World Concern
- Founded: 1955
- Founder: Dr. Wilbert Saunders and Jim McCoy
- Type: Non-governmental organization
- Location: Seattle, Washington, US;
- Region served: 17 countries
- Key people: Kelli Tolf (President)
- Website: worldconcern.org

= World Concern =

Christian global relief and development organization

World Concern is a Christian global relief and development organization operating in Africa, Southeast Asia, and Haiti, with its headquarters located in Seattle, Washington, United States. World Concern serves approximately 6 million people worldwide and has a staff of 877, with 846 of those being international and 31 based at headquarters.

World Concern is part of CRISTA Ministries, a Christian non-profit organization that oversees five ministries, and a charter member of the Evangelical Council for Financial Accountability (ECFA).

World Concern is also a founding member of the ONE Campaign.

== History ==

Dr. Wilbert Saunders and pharmacist Jim McCoy founded an organization called Medicine for Missions in 1955 in Seattle, Washington. The two shared a concern that surplus medications being thrown away could be used to save lives in underdeveloped countries. They founded Medicines for Missions and began supplying medicines to clinics and hospitals overseas.

The organization was renamed World Concern in 1976 after expanding work to include emergency relief in response to famines, hurricanes and earthquakes. Art Beals, a former missionary and pastor, became World Concern's executive director in 1975, and remained in the position until 1984. He was an important figure in driving the early growth of World Concern. David Eller, the agency's past president, oversaw World Concern since 2007. Jacinta Tegman became president in October 2013. The current president of World Concern is Nick Archer.

==Activities==

World Concern's programs focus on community development in some of the poorest countries in the world. Programs include disaster response, health services, education and vocational training, food security and water, child protection and microcredit.

World Concern has regional offices in Asia (Bangkok, Thailand) and Africa (Nairobi, Kenya), as well as field offices in each operational country, which include Haiti, Bangladesh, Laos, Myanmar, Sri Lanka, Thailand, Vietnam, Chad, Kenya, Somalia, and South Sudan. Each office is staffed by a country director and mostly nationals, with a few expatriates.

Projects are developed based on the specific needs of a country's poorest populations located in underdeveloped areas.

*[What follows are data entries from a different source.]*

lemma partner_involution:
  assumes "a \<in> H - M"
  shows "partner T (partner T a) = a"
proof -
  have "junction M \<alpha> \<sigma> T a (partner T a) \<or> junction M \<alpha> \<sigma> T (partner T a) a"
    using junction_iff[OF assms] by blast
  then show ?thesis
    using junction_iff[OF partner_in[OF assms, of T], where T=T and b=a] by argo
qed

lemma side_partner:
  assumes "a \<in> H - M"
  shows "side (vx (partner T a)) \<noteq> side (vx a)"
proof -
  have "a \<in> H" using assms by blast
  then have "vx (partner T a) = vx (\<alpha> (matching_dart a))"
    using partner_cases rotation_at_matching(4,5)[OF alpha_matching_dart] by metis
  moreover have "matching_dart a \<in> H" "vx (matching_dart a) = vx a"
    using matching_dart_at_vertex \<open>a \<in> H\<close> M_subset_H by auto
  ultimately show ?thesis using bipartite by metis
qed

lemma partner_insert_eq:
  assumes "a \<in> H - M" "matching_dart a \<noteq> m" "matching_dart a \<noteq> \<alpha> m"
  shows "partner (insert m T) a = partner T a"
proof -
  have "\<alpha> (matching_dart a) \<noteq> m"
    using assms alpha_H[of "matching_dart a"] matching_dart_at_vertex M_subset_H
    by (metis DiffD1 subsetD)
  then show ?thesis using assms(2) unfolding partner_def Let_def by simp
qed

text \<open>Every arc is a Delta- or an m-arc: there are no eta-arcs.\<close>

lemma ncircles_insert_ne:
  assumes mi: "mi \<in> M" "mi \<notin> T" "\<alpha> mi \<notin> T"
  shows "ncircles H \<alpha> \<sigma> M (insert mi T) \<noteq> ncircles H \<alpha> \<sigma> M T"
proof -
  define p q r s where ends_def: "p = \<sigma> mi" "q = \<sigma> (\<sigma> mi)" "r = \<sigma> (\<sigma> (\<alpha> mi))" "s = \<sigma> (\<alpha> mi)"
  define col where "col a \<longleftrightarrow> side (vx a) \<noteq> side (vx mi)" for a
  have mi_H: "mi \<in> H" using mi M_subset_H by blast
  have ami: "\<alpha> mi \<in> M" "\<alpha> (\<alpha> mi) = mi"
    using alpha_M_iff[OF mi_H] alpha_H[OF mi_H] mi by blast+
  have ends: "p \<in> H - M" "q \<in> H - M" "r \<in> H - M" "s \<in> H - M" "p \<noteq> q" "r \<noteq> s"
    using rotation_at_matching[OF mi(1)] rotation_at_matching[OF ami(1)]
    unfolding ends_def by auto
  have E: "a \<in> {p,q,r,s} \<longleftrightarrow> matching_dart a = mi \<or> matching_dart a = \<alpha> mi" if "a \<in> H - M" for a
    using matching_dart_eq_iff[OF that mi(1)] matching_dart_eq_iff[OF that ami(1)]
    unfolding ends_def by auto
  have col_flip: "col b \<noteq> col a" if "side (vx b) \<noteq> side (vx a)" for a b
    using that unfolding col_def by auto
  interpret alternating_strands "H - M" \<alpha> "partner T" col p q r s
  proof
    show "finite (H - M)" using finite_H by simp
    show "\<alpha> a \<in> H - M \<and> \<alpha> (\<alpha> a) = a \<and> col (\<alpha> a) \<noteq> col a" if "a \<in> H - M" for a
      using that alpha_H[of a] alpha_M_iff[of a] col_flip[OF bipartite[of a]] by auto
    show "partner T a \<in> H - M - {p,q,r,s} \<and> partner T (partner T a) = a
        \<and> col (partner T a) \<noteq> col a" if "a \<in> H - M - {p,q,r,s}" for a
    proof -
      have a: "a \<in> H - M" "matching_dart a \<noteq> mi" "matching_dart a \<noteq> \<alpha> mi" using that E by auto
      then have "matching_dart (partner T a) \<noteq> mi" "matching_dart (partner T a) \<noteq> \<alpha> mi"
        using matching_dart_partner[OF a(1)] alpha_H[of "matching_dart a"] ami
          matching_dart_at_vertex M_subset_H
        by (metis DiffD1 subsetD)+
      then show ?thesis
        using a partner_in E partner_involution col_flip[OF side_partner] by blast
    qed
    show "p \<in> H - M" "q \<in> H - M" "r \<in> H - M" "s \<in> H - M" "p \<noteq> q" "r \<noteq> s"
      by (fact ends)+
    show "\<not> col p" "\<not> col q" "col r" "col s"
      using rotation_at_matching(4,5)[OF mi(1)] rotation_at_matching(4,5)[OF ami(1)]
        bipartite[OF mi_H]
      unfolding col_def ends_def by auto
  qed
  have "nclasses (H - M) (\<lambda>a b. b = \<alpha> a \<or> b = partner T a)
      \<noteq> nclasses (H - M) (\<lambda>a b. b = \<alpha> a \<or> b = partner (insert mi T) a)"
  proof (rule nclasses_reclosing_ne)
    show "partner T a \<in> H - M \<and> partner T (partner T a) = a"
      and "partner (insert mi T) a \<in> H - M \<and> partner (insert mi T) (partner (insert mi T) a) = a"
      if "a \<in> H - M" for a
      using partner_in[OF that] partner_involution[OF that] by blast+
    show "partner (insert mi T) a = partner T a" if "a \<in> H - M - {p,q,r,s}" for a
      using partner_insert_eq that E by blast
    have "matching_dart p = mi" "matching_dart q = mi"
      using matching_dart_eq_iff[OF ends(1) mi(1)] matching_dart_eq_iff[OF ends(2) mi(1)]
      unfolding ends_def by auto
    then show "partner T p = r" "partner T q = s"
      and "partner (insert mi T) p = s" "partner (insert mi T) q = r"
      using mi ends(5) unfolding partner_def Let_def ends_def by auto
  qed simp
  then show ?thesis unfolding ncircles_eq_nclasses_partner by simp
qed

lemma no_bad_face: "no_bad_face H \<alpha> \<sigma> M"
  unfolding no_bad_face_def bad_face_def Let_def using ncircles_insert_ne by fastforce

end

lemma in_script_G_if_bipartite:
  fixes side :: "'v \<Rightarrow> bool"
  assumes graph: "tri_pm_graph H \<alpha> vx M"
    and bipartite: "\<And>d. d \<in> H \<Longrightarrow> side (vx (\<alpha> d)) \<noteq> side (vx d)"
  shows "in_script_G H \<alpha> vx M"
  unfolding in_script_G_def
proof (intro conjI allI impI graph)
  fix \<sigma> assume "plane_embedding H \<alpha> vx \<sigma>"
  then interpret bipartite_rotation_system H \<alpha> \<sigma> vx M side
    using graph bipartite by unfold_locales (auto simp: plane_embedding_def)
  show "no_bad_face H \<alpha> \<sigma> M" by (rule no_bad_face)
qed

section \<open>Flattening an oriented diagram\<close>

context
  fixes X :: "'x set" and \<beta> \<tau> :: "'x \<Rightarrow> 'x" and out :: "'x \<Rightarrow> bool"
  assumes diagram: "oriented_diagram X \<beta> \<tau> out"
begin

lemma beta_X: "d \<in> X \<Longrightarrow> \<beta> d \<in> X \<and> \<beta> d \<noteq> d \<and> \<beta> (\<beta> d) = d"
  using diagram unfolding oriented_diagram_def fpf_involution_on_def by blast

lemma tau_X: "d \<in> X \<Longrightarrow> \<tau> d \<in> X \<and> \<tau> (\<tau> d) \<noteq> d \<and> \<tau> (\<tau> (\<tau> (\<tau> d))) = d"
  using diagram unfolding oriented_diagram_def by blast

lemma out_X: "d \<in> X \<Longrightarrow> out (\<beta> d) = (\<not> out d) \<and> out (\<tau> (\<tau> d)) = (\<not> out d)"
  using diagram unfolding oriented_diagram_def by blast

lemma crossing_eq:
  assumes d: "d \<in> X"
  shows "crossing \<tau> d = {d, \<tau> d, \<tau> (\<tau> d), \<tau> (\<tau> (\<tau> d))}"
proof
  show "crossing \<tau> d \<subseteq> {d, \<tau> d, \<tau> (\<tau> d), \<tau> (\<tau> (\<tau> d))}"
  proof
    fix e assume "e \<in> crossing \<tau> d"
    then obtain n where e: "e = (\<tau> ^^ n) d" unfolding crossing_def by blast
    have "(\<tau> ^^ n) d \<in> {d, \<tau> d, \<tau> (\<tau> d), \<tau> (\<tau> (\<tau> d))}"
      by (induction n) (use tau_X[OF d] in auto)
    then show "e \<in> {d, \<tau> d, \<tau> (\<tau> d), \<tau> (\<tau> (\<tau> d))}" using e by simp
  qed
  have "d = (\<tau> ^^ 0) d" "\<tau> d = (\<tau> ^^ 1) d" "\<tau> (\<tau> d) = (\<tau> ^^ 2) d" "\<tau> (\<tau> (\<tau> d)) = (\<tau> ^^ 3) d"
    by (simp_all add: numeral_eq_Suc)
  then show "{d, \<tau> d, \<tau> (\<tau> d), \<tau> (\<tau> (\<tau> d))} \<subseteq> crossing \<tau> d"
    unfolding crossing_def by (metis empty_subsetI insert_subset rangeI)
qed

In Chad, for example, World Concern works in camps for refugees from the Darfur region of Sudan and internally displaced Chadians. In partnership with organizations such as USAID, World Concern implements a "Cash for Work" program that employs people living in the camp to perform labor, such as building rock bunds to reduce erosion. Workers receive vouchers, which they can convert to cash to purchase food, clothing and other necessities.

World Concern has also responded to major disasters, including the 2010 Haiti earthquake.

Initially providing emergency supplies of food, water, tarps and medical supplies, the agency's work during the first year after the earthquake included employing Haitians to clear rubble, repairing damaged homes, building steel-framed transitional shelters, repairing churches, and giving out business grants. The organization distributed cholera prevention and treatment information and supplies after an outbreak of the disease hit the country in October, 2010.

World Concern's programs seek to implement sustainable ways to lift people out of poverty, with a goal of enabling members of the communities in which they work to support themselves. Examples of this include supporting rural schools and teachers, providing job skills for caregivers of AIDS orphans, establishing financial service associations or village banks, providing small business training and support, improved agricultural techniques, and water and sanitation projects.

==Funding==

World Concern's work is funded by donations from individuals, foundations and by government grants. Government grants include funding from USAID and OFDA. Donations from individuals for the Haiti earthquake response totaled more than $2 million. Through its parent organization, CRISTA Ministries, World Concern received a rating of four stars by Charity Navigator, with 94% of donations going toward programs.